The learned trial magistrate also grossly misdirected himself when he found that one, the vehicle had been damaged beyond repair attributing that finding to the evidence of PW1 and PW9 at page J5 of judgment which is incorrect as they never said so in their evidence; and two when the court required the Appellant to call the garage owner who repaired the salvage to prove that he had repaired it, as that was tantamount to asking the Appellant to prove his innocence, a burden the Appellant was not expected in law to carry.
Finally, I find that both charges against the Appellant were not supported in evidence. The main charge was not supported in evidence since the prosecution failed to adduce any evidence to show that the Appellant conspired with anyone to effect an unlawful purpose of theft of the motor vehicle.

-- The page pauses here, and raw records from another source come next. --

lemma left_partnersD:
  assumes "u \<in> left_partners v" "v \<in> X i"
  shows "1 \<le> u" "u < v"
proof -
  have "u \<in> X i \<or> u \<in> X (i - 1)" using assms(1) by (auto simp: left_partners_def)
  then show "1 \<le> u" using part_memD by blast
  have "i - 1 < i" using i_bounds by simp
  then show "u < v" using assms part_less[of u "i - 1" v i] by (auto simp: left_partners_def)
qed

lemma right_partnersD:
  assumes "w \<in> right_partners v" "v \<in> X i"
  shows "v < w" "w \<le> n"
proof -
  have "w \<in> X i \<or> w \<in> X (i + 1)" using assms(1) by (auto simp: right_partners_def)
  then show "w \<le> n" using part_memD by blast
  show "v < w" using assms part_less[of v i w "i + 1"] by (auto simp: right_partners_def)
qed

lemma bad_triples_eq_Sigma:
  "bad_triples n X \<phi> i = (\<lambda>(v, u, w). (u, v, w)) ` (SIGMA v:X i. left_partners v \<times> right_partners v)"
proof (intro set_eqI iffI)
  fix t assume "t \<in> bad_triples n X \<phi> i"
  then obtain u v w where t: "t = (u, v, w)" and uvw: "1 \<le> u" "u < v" "v < w" "w \<le> n" "v \<in> X i"
    and bad: "\<not> \<phi> u v < \<phi> v w" unfolding bad_triples_def by auto
  have "u \<in> left_partners v" "w \<in> right_partners v"
    using label_left[OF uvw(1,2,5)] label_right[OF uvw(3,4,5)] bad by auto
  then show "t \<in> (\<lambda>(v, u, w). (u, v, w)) ` (SIGMA v:X i. left_partners v \<times> right_partners v)"
    using t uvw(5) by force
next
  fix t assume "t \<in> (\<lambda>(v, u, w). (u, v, w)) ` (SIGMA v:X i. left_partners v \<times> right_partners v)"
  then obtain u v w where t: "t = (u, v, w)" and v: "v \<in> X i"
    and partners: "u \<in> left_partners v" "w \<in> right_partners v" by auto
  note u = left_partnersD[OF partners(1) v] and w = right_partnersD[OF partners(2) v]
  have "\<phi> u v = i" "\<phi> v w = i"
    using label_left[OF u v] label_right[OF w v] partners by auto
  then show "t \<in> bad_triples n X \<phi> i" using t u w v by (auto simp: bad_triples_def)
qed

lemma card_bad_triples:
  "card (bad_triples n X \<phi> i) = (\<Sum>v\<in>X i. card (left_partners v) * card (right_partners v))"
proof -
  have "inj_on (\<lambda>(v, u, w). (u, v, w)) (SIGMA v:X i. left_partners v \<times> right_partners v)"
    by (auto simp: inj_on_def)
  moreover have "finite (left_partners v)" "finite (right_partners v)" for v
    by (simp_all add: left_partners_def right_partners_def)
  ultimately show ?thesis by (simp add: bad_triples_eq_Sigma card_image card_cartesian_product)
qed

lemma card_left_partners_bounds:
  assumes v: "v \<in> X i"
  defines "t \<equiv> frac_idx k X v"
  defines "s \<equiv> t * (real (card (X (i - 1))) + real (card (X i)))"
  shows "s - 1 \<le> real (card (left_partners v))" "real (card (left_partners v)) \<le> s"
proof -
  define A where "A = card (X (i - 1))"
  define F where "F = nat \<lfloor>real A * (1 - t)\<rfloor>"
  have t: "0 \<le> t" "t \<le> 1" using frac_idx_bounds[OF v] by (simp_all add: t_def)
  have F: "real A * (1 - t) - 1 < real F" "real F \<le> real A * (1 - t)"
    unfolding F_def using t by (simp_all add: real_nat_floor_bounds)
  moreover have "real A * (1 - t) \<le> real A" using t by (simp add: mult_left_le)
  ultimately have "F \<le> A" by linarith
  have "i \<noteq> i - 1" using i_bounds by simp
  then have "card (left_partners v) = card {u \<in> X i. u < v} + card {u \<in> X (i - 1). 1 - t < frac_idx k X u}"
    unfolding left_partners_def t_def using parts_disjoint
    by (subst card_Un_disjoint) (auto intro!: arg_cong[where f = card])
  also have "\<dots> = card {u \<in> X i. u < v} + (A - F)"
    using t by (simp add: card_frac_idx_gt A_def F_def)
  finally have "real (card (left_partners v)) = real (card (X i)) * t - 1 + real A - real F"
    using card_part_less[OF v] \<open>F \<le> A\<close> by (simp add: t_def of_nat_diff)
  then show "s - 1 \<le> real (card (left_partners v))" "real (card (left_partners v)) \<le> s"
    using F unfolding s_def A_def by (simp_all add: algebra_simps)
qed

lemma card_right_partners_bounds:
  assumes v: "v \<in> X i"
  defines "t \<equiv> frac_idx k X v"
  defines "s \<equiv> (1 - t) * (real (card (X i)) + real (card (X (i + 1))))"
  shows "s - 1 \<le> real (card (right_partners v))" "real (card (right_partners v)) \<le> s"
proof -
  define C where "C = card (X (i + 1))"
  define F where "F = nat \<lfloor>real C * (1 - t)\<rfloor>"
  have t: "0 \<le> t" "t \<le> 1" using frac_idx_bounds[OF v] by (simp_all add: t_def)
  have F: "real C * (1 - t) - 1 < real F" "real F \<le> real C * (1 - t)"
    unfolding F_def using t by (simp_all add: real_nat_floor_bounds)
  have "card (right_partners v) = card {w \<in> X i. v < w} + card {w \<in> X (i + 1). frac_idx k X w \<le> 1 - t}"
    unfolding right_partners_def t_def using parts_disjoint[of i "i + 1"]
    by (subst card_Un_disjoint) (auto intro!: arg_cong[where f = card])
  also have "\<dots> = card {w \<in> X i. v < w} + F"
    using t by (simp add: card_frac_idx_le C_def F_def)
  finally have "real (card (right_partners v)) = real (card (X i)) * (1 - t) + real F"
    using card_part_greater[OF v] by (simp add: t_def)
  then show "s - 1 \<le> real (card (right_partners v))" "real (card (right_partners v)) \<le> s"
    using F unfolding s_def C_def by (simp_all add: algebra_simps)
qed

lemma card_parts_around_le:
  "real (card (X (i - 1))) + real (card (X i)) \<le> real n"
  "real (card (X i)) + real (card (X (i + 1))) \<le> real n"
  using card_parts_le[of "i - 1" i] card_parts_le[of i "i + 1"] i_bounds
  by (simp_all flip: of_nat_add)

lemma partner_product_approx:
  assumes v: "v \<in> X i"
  defines "t \<equiv> frac_idx k X v"
  defines "P \<equiv> t * (real (card (X (i - 1))) + real (card (X i))) *
               ((1 - t) * (real (card (X i)) + real (card (X (i + 1)))))"
  defines "N \<equiv> real (card (left_partners v)) * real (card (right_partners v))"
  shows "0 \<le> P - N" "P - N \<le> real n"
proof -
  define A B C where "A = real (card (X (i - 1)))" and "B = real (card (X i))"
    and "C = real (card (X (i + 1)))"
  have t: "0 \<le> t" "t \<le> 1" using frac_idx_bounds[OF v] by (simp_all add: t_def)
  have "0 \<le> P - N" "P - N \<le> t * (A + B) + (1 - t) * (B + C)"
    using mult_approx_bounds card_left_partners_bounds[OF v] card_right_partners_bounds[OF v]
    unfolding P_def N_def t_def A_def B_def C_def by simp_all
  moreover have "t * (A + B) + (1 - t) * (B + C) \<le> t * real n + (1 - t) * real n"
    using t card_parts_around_le unfolding A_def B_def C_def by (intro add_mono mult_left_mono) auto
  ultimately show "0 \<le> P - N" "P - N \<le> real n" by (simp_all add: algebra_simps)
qed

lemma bad_triples_estimate:
  defines "A \<equiv> real (card (X (i - 1)))" and "B \<equiv> real (card (X i))" and "C \<equiv> real (card (X (i + 1)))"
  shows "\<bar>real (card (bad_triples n X \<phi> i)) - (A + B) * B * (B + C) / 6\<bar> \<le> 2 * real n ^ 2"
proof -
  define P where "P v = frac_idx k X v * (A + B) * ((1 - frac_idx k X v) * (B + C))" for v
  define N where "N v = real (card (left_partners v)) * real (card (right_partners v))" for v
  have AB: "A + B \<le> real n" and BC: "B + C \<le> real n"
    using card_parts_around_le unfolding A_def B_def C_def by simp_all
  have "(\<Sum>v\<in>X i. P v) = (A + B) * (B + C) * (\<Sum>v\<in>X i. frac_idx k X v * (1 - frac_idx k X v))"
    unfolding P_def sum_distrib_left by (simp add: algebra_simps)
  also have "\<dots> = (A + B) * (B + C) * (B ^ 2 - 1) / (6 * B)"
    by (simp add: sum_frac_idx_mult_complement B_def)
  finally have main_term: "(A + B) * B * (B + C) / 6 - (\<Sum>v\<in>X i. P v) = (A + B) * (B + C) / (6 * B)"
    by (cases "B = 0") (simp_all add: field_simps power2_eq_square)
  have "(A + B) * (B + C) / (6 * B) \<le> real n ^ 2"
  proof (cases "B = 0")
    case False
    then have "1 \<le> B" by (simp add: B_def Suc_le_eq card_gt_0_iff)
    moreover have "0 \<le> (A + B) * (B + C)" by (simp add: A_def B_def C_def)
    ultimately have "(A + B) * (B + C) / (6 * B) \<le> (A + B) * (B + C)"
      by (simp add: divide_le_eq mult_le_cancel_left1)
    also have "\<dots> \<le> real n ^ 2"
      using AB BC by (simp add: power2_eq_square mult_mono A_def B_def C_def)
    finally show ?thesis .
  qed simp
  moreover have "0 \<le> (A + B) * (B + C) / (6 * B)" by (simp add: A_def B_def C_def)
  moreover have "0 \<le> (\<Sum>v\<in>X i. P v - N v)" "(\<Sum>v\<in>X i. P v - N v) \<le> B * real n"
    using partner_product_approx sum_mono[of "X i" "\<lambda>v. P v - N v" "\<lambda>_. real n"]
    by (auto simp: P_def N_def A_def B_def C_def intro: sum_nonneg)
  moreover have "B * real n \<le> real n ^ 2"
    using BC by (simp add: power2_eq_square mult_right_mono C_def)
  moreover have "real (card (bad_triples n X \<phi> i)) = (\<Sum>v\<in>X i. N v)"
    by (simp add: card_bad_triples N_def)
  ultimately show ?thesis using main_term by (simp add: sum_subtractf abs_le_iff)
qed

end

In any event, as the learned trial magistrate correctly found, there was no evidence that any vehicle was stolen at all whether the salvage Paul released to insurance or the vehicle found with the Appellant. In any case, the vehicle was not produced in court as an exhibit.
As regards the HANDLING CHARGE, as learned State Counsel observed, the manner of the alleged handling was not specified. Most importantly the vehicle allegedly stolen was not specified in the charge which was fatal to the charge. Vehicles have identification marks. If the registration mark of the vehicle handled was not specified in the charge, the Appellant was prejudiced as he could not tell what vehicle he was alleged to have handled and that failure to identity it was fatally defective to the charge. Finally and more important there was no evidence of a stolen vehicle. There can be no handling without stealing. The Appellant was charged of handling a vehicle, the court found was not proved to have been stolen. Upon finding that the vehicle had not been stolen, the learned trial magistrate ought to have acquitted the Appellant of all charges. The learned trial magistrate grossly misdirected himself when he found the handling charge proved therefore falling into error. The conviction had no basis whatsoever, was not supported on evidence and evidence adduced by the prosecution was based on hearsay evidence, information recovered from persons whose identity was never disclosed and was based purely on suspicion. Suspicion however strong cannot be sufficient to sustain any charge.
I find merit in the appeal, quash the conviction and set aside the sentence. The Appellant’s vehicle which police did not produce before court, but kept it in the Police station, since its detention on 23rd March 2002, should be restituted to the Appellant forthwith. These are the orders of the court.
Dated at Nairobi this 22nd day of November 2006.